Assigned task
Going down the listing below, print exactly each line from the one with "complex) \<Rightarrow> (nat" up to and including the one with "x = (\<lambda>i.", and skip the rest.

________________

(* Let $0\le q<N$, $n\ge1$, and let $c\in H^q(\mathcal{E}_0^\bullet\otimes_{\mathcal{O}}\mathcal{O}/\mathfrak{m}_0^n)$ satisfy $o_n^q(c)\ne0$. Then there exist an integer $n'$ with $1\le n'\le n$ and a class $c'\in H^q(\mathcal{E}_0^\bullet\otimes_{\mathcal{O}}\mathcal{O}/\mathfrak{m}_0^{n'})$ such that $$o^q_{n',n'-1}(c')=\rho^{q+1}_{n'-1}\big(o_n^q(c)\big)\neq 0\quad\text{in } H^{q+1}(\mathcal{E}_0^\bullet\otimes_{\mathcal{O}}\mathcal{O}/\mathfrak{m}_0^{n'}).$$
   Context: Setting. Let $B$ be a one-dimensional complex manifold (a disc) with holomorphic coordinate $t$ centred at a point $0\in B$; write $\mathcal{O}=\mathcal{O}_{B,0}$ and $\mathfrak{m}_0=t\mathcal{O}$ for its maximal ideal. Let $(E^\bullet,d^\bullet)$: $0\to E^0\xrightarrow{d^0}E^1\xrightarrow{d^1}\cdots\xrightarrow{d^{N-1}}E^N\to 0$ be a bounded complex of holomorphic vector bundles on $B$ whose differentials are $\mathcal{O}_B$-linear holomorphic bundle maps with $d^{q+1}\circ d^q=0$. For $s\in B$, $E_s^\bullet$ denotes the fibre complex (with differentials $d^q_s$) and $H^q(E_s)=\ker d^q_s/\mathrm{im}\, d^{q-1}_s$. Let $\mathcal{E}_0^q$ be the stalk at $0$ of the sheaf of holomorphic sections of $E^q$; for a germ $s$, $s(0)$ is its value at $0$. For $n\ge1$, $\mathcal{E}_0^\bullet\otimes_{\mathcal{O}}\mathcal{O}/\mathfrak{m}_0^n$ is the induced truncated complex with cohomology $H^q(\mathcal{E}_0^\bullet\otimes_{\mathcal{O}}\mathcal{O}/\mathfrak{m}_0^n)$. Obstruction maps. $o_n^q:H^q(\mathcal{E}_0^\bullet\otimes\mathcal{O}/\mathfrak{m}_0^n)\to H^{q+1}(E_0)$ sends the class of $\tilde\alpha \bmod t^n$ (where $\tilde\alpha\in\mathcal{E}_0^q$ with $d^q\tilde\alpha\in t^n\mathcal{E}_0^{q+1}$) to the class of $(t^{-n}d^q\tilde\alpha)(0)$ (this is well defined). For $i\ge 0$, $\rho_i^q:H^q(E_0)\to H^q(\mathcal{E}_0^\bullet\otimes\mathcal{O}/\mathfrak{m}_0^{i+1})$ is $[\sigma]\mapsto[t^i\tilde\sigma \bmod t^{i+1}]$, where $\tilde\sigma$ is any germ with $\tilde\sigma(0)=\sigma$. For $0\le i\le n$ set $o^q_{n,i}=\rho_i^{q+1}\circ o_n^q: H^q(\mathcal{E}_0^\bullet\otimes\mathcal{O}/\mathfrak{m}_0^n)\to H^{q+1}(\mathcal{E}_0^\bullet\otimes\mathcal{O}/\mathfrak{m}_0^{i+1})$. *)

theory Defs
  imports "HOL-Analysis.Analysis"
begin

text \<open>The base B is the disc ball 0 R (coordinate t = z).  The bundle E^q is
  (holomorphically trivialised as) B x C^(r q); fibre vectors are functions nat => complex
  vanishing at indices >= r q.  The differential d^q is a matrix D q z of holomorphic
  functions of z, of size r(q+1) x r(q).  Germs at 0 are represented by functions holomorphic
  on some ball around 0, compared up to eventual equality near 0.\<close>

definition vec :: "nat \<Rightarrow> (nat \<Rightarrow> complex) \<Rightarrow> bool" where
  "vec m x \<longleftrightarrow> (\<forall>i\<ge>m. x i = 0)"

definition app :: "nat \<Rightarrow> nat \<Rightarrow> (nat \<Rightarrow> nat \<Rightarrow> complex) \<Rightarrow> (nat \<Rightarrow> complex) \<Rightarrow> nat \<Rightarrow> complex" where
  "app m k M x = (\<lambda>i. if i < k then (\<Sum>j<m. M i j * x j) else 0)"

text \<open>A bounded complex 0 -> E^0 -> ... -> E^N -> 0 of (trivial) holomorphic bundles on B.\<close>
definition is_hol_complex ::
  "complex set \<Rightarrow> nat \<Rightarrow> (nat \<Rightarrow> nat) \<Rightarrow> (nat \<Rightarrow> complex \<Rightarrow> nat \<Rightarrow> nat \<Rightarrow> complex) \<Rightarrow> bool" where
  "is_hol_complex B N r D \<longleftrightarrow>
     (\<forall>q>N. r q = 0) \<and>
     (\<forall>q i j. (\<lambda>z. D q z i j) holomorphic_on B) \<and>
     (\<forall>q z x. z \<in> B \<longrightarrow>
        app (r (Suc q)) (r (Suc (Suc q))) (D (Suc q) z) (app (r q) (r (Suc q)) (D q z) x) = (\<lambda>_. 0))"

definition germ :: "(nat \<Rightarrow> nat) \<Rightarrow> nat \<Rightarrow> (complex \<Rightarrow> nat \<Rightarrow> complex) \<Rightarrow> bool" where
  "germ r q s \<longleftrightarrow> (\<exists>e>0. (\<forall>i. (\<lambda>z. s z i) holomorphic_on ball 0 e)) \<and> (\<forall>z. vec (r q) (s z))"

definition evq :: "(complex \<Rightarrow> nat \<Rightarrow> complex) \<Rightarrow> (complex \<Rightarrow> nat \<Rightarrow> complex) \<Rightarrow> bool" where
  "evq f g \<longleftrightarrow> eventually (\<lambda>z. f z = g z) (nhds 0)"
(* Let $\rho$ be a geometric Nielsen 1-chain and let $p_0,p_1,\dots,p_m$ ($m\ge1$) be an edge-path in $T_\rho$ with $p_0=p_m$. Then either $p_j=p_k$ for some distinct indices $0\le j,k<m$, or there exists an orientation on this edge-path.
   Context: Setup: $\mathbb F$ finitely generated free, $\Gamma$ finite connected graph with $\pi_1(\Gamma)\cong\mathbb F$, $H\subset\Gamma$ a subgraph, $f$ a homotopy equivalence with $f(H)\subseteq H$ and fixed lift $\tilde f$ to the universal cover $\widetilde\Gamma$ ($\mathbb F$ acting by deck transformations), $\widetilde H$ the preimage of $H$. 1-chains $x=\sum_ex_ee$ (reversing an edge's orientation negates its coefficient), $\mathrm{supp}(x)=\{e:x_e\ne0\}$; $\pi_H^\perp$ sets coefficients on edges of $\widetilde H$ to $0$; $[u,v]$ is the 1-chain of the reduced edge-path from vertex $u$ to vertex $v$ (coefficient $\pm1$ on its edges). A geometric Nielsen 1-chain is $\rho=\pi_H^\perp([u,v])$ with $\tilde f(u)=u,\tilde f(v)=v$ such that (GNC1) for distinct $g_1,g_2\in\mathbb F$, $\mathrm{supp}(g_1\rho)\cap\mathrm{supp}(g_2\rho)$ is empty or a single edge; (GNC2) each edge $e\notin\widetilde H$ lies in $\mathrm{supp}(g\rho)$ for exactly two elements $g_1,g_2$, and is the unique edge of $\mathrm{supp}(g_1\rho)\cap\mathrm{supp}(g_2\rho)$; (GNC3) some non-commuting $g_1,g_2$ have $\mathrm{supp}(\rho)\cap\mathrm{supp}(g_i\rho)\ne\emptyset$. The graph $T_\rho$ has vertex set $\mathbb F$ and an edge between distinct $g_1,g_2$ iff $\mathrm{supp}(g_1\rho)\cap\mathrm{supp}(g_2\rho)\ne\emptyset$. An edge-path $p_0,\dots,p_m$ is a sequence of vertices with $p_{j-1},p_j$ adjacent. For a closed edge-path ($p_0=p_m$), take indices mod $m$, let $g_j=p_j$, and let $e_j$ be the unique edge in $\mathrm{supp}(g_{j-1}\rho)\cap\mathrm{supp}(g_j\rho)$; then $e_j,e_{j+1}\in\mathrm{supp}(g_j\rho)$. An orientation on the path is a choice, for each index $j$, of an orientation of $e_j$ (choices for different indices are independent) such that $(g_j\rho)_{e_j}=-(g_j\rho)_{e_{j+1}}$ for all $0\le j<m$. *)

theory Defs
  imports "HOL-Algebra.Group" "HOL-Algebra.Group_Action"
begin

record ('v, 'e) sgraph =
  ini :: "'e \<Rightarrow> 'v"
  ter :: "'e \<Rightarrow> 'v"
  rv  :: "'e \<Rightarrow> 'e"

definition serre_graph :: "('v, 'e) sgraph \<Rightarrow> bool" where
  "serre_graph X \<equiv> (\<forall>e. rv X (rv X e) = e \<and> rv X e \<noteq> e \<and> ini X (rv X e) = ter X e)"

definition reduced_path :: "('v, 'e) sgraph \<Rightarrow> 'v \<Rightarrow> 'v \<Rightarrow> 'e list \<Rightarrow> bool" where
  "reduced_path X u v es \<equiv>
     (es = [] \<longrightarrow> u = v) \<and>
     (es \<noteq> [] \<longrightarrow> ini X (hd es) = u \<and> ter X (last es) = v \<and>
        (\<forall>i. Suc i < length es \<longrightarrow>
              ter X (es ! i) = ini X (es ! Suc i) \<and> es ! Suc i \<noteq> rv X (es ! i)))"

definition is_tree :: "('v, 'e) sgraph \<Rightarrow> bool" where
  "is_tree X \<equiv> serre_graph X \<and> (\<forall>u v. \<exists>!es. reduced_path X u v es)"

________________

Response box
definition app :: "nat \<Rightarrow> nat \<Rightarrow> (nat \<Rightarrow> nat \<Rightarrow> complex) \<Rightarrow> (nat \<Rightarrow> complex) \<Rightarrow> nat \<Rightarrow> complex" where
  "app m k M x = (\<lambda>i. if i < k then (\<Sum>j<m. M i j * x j) else 0)"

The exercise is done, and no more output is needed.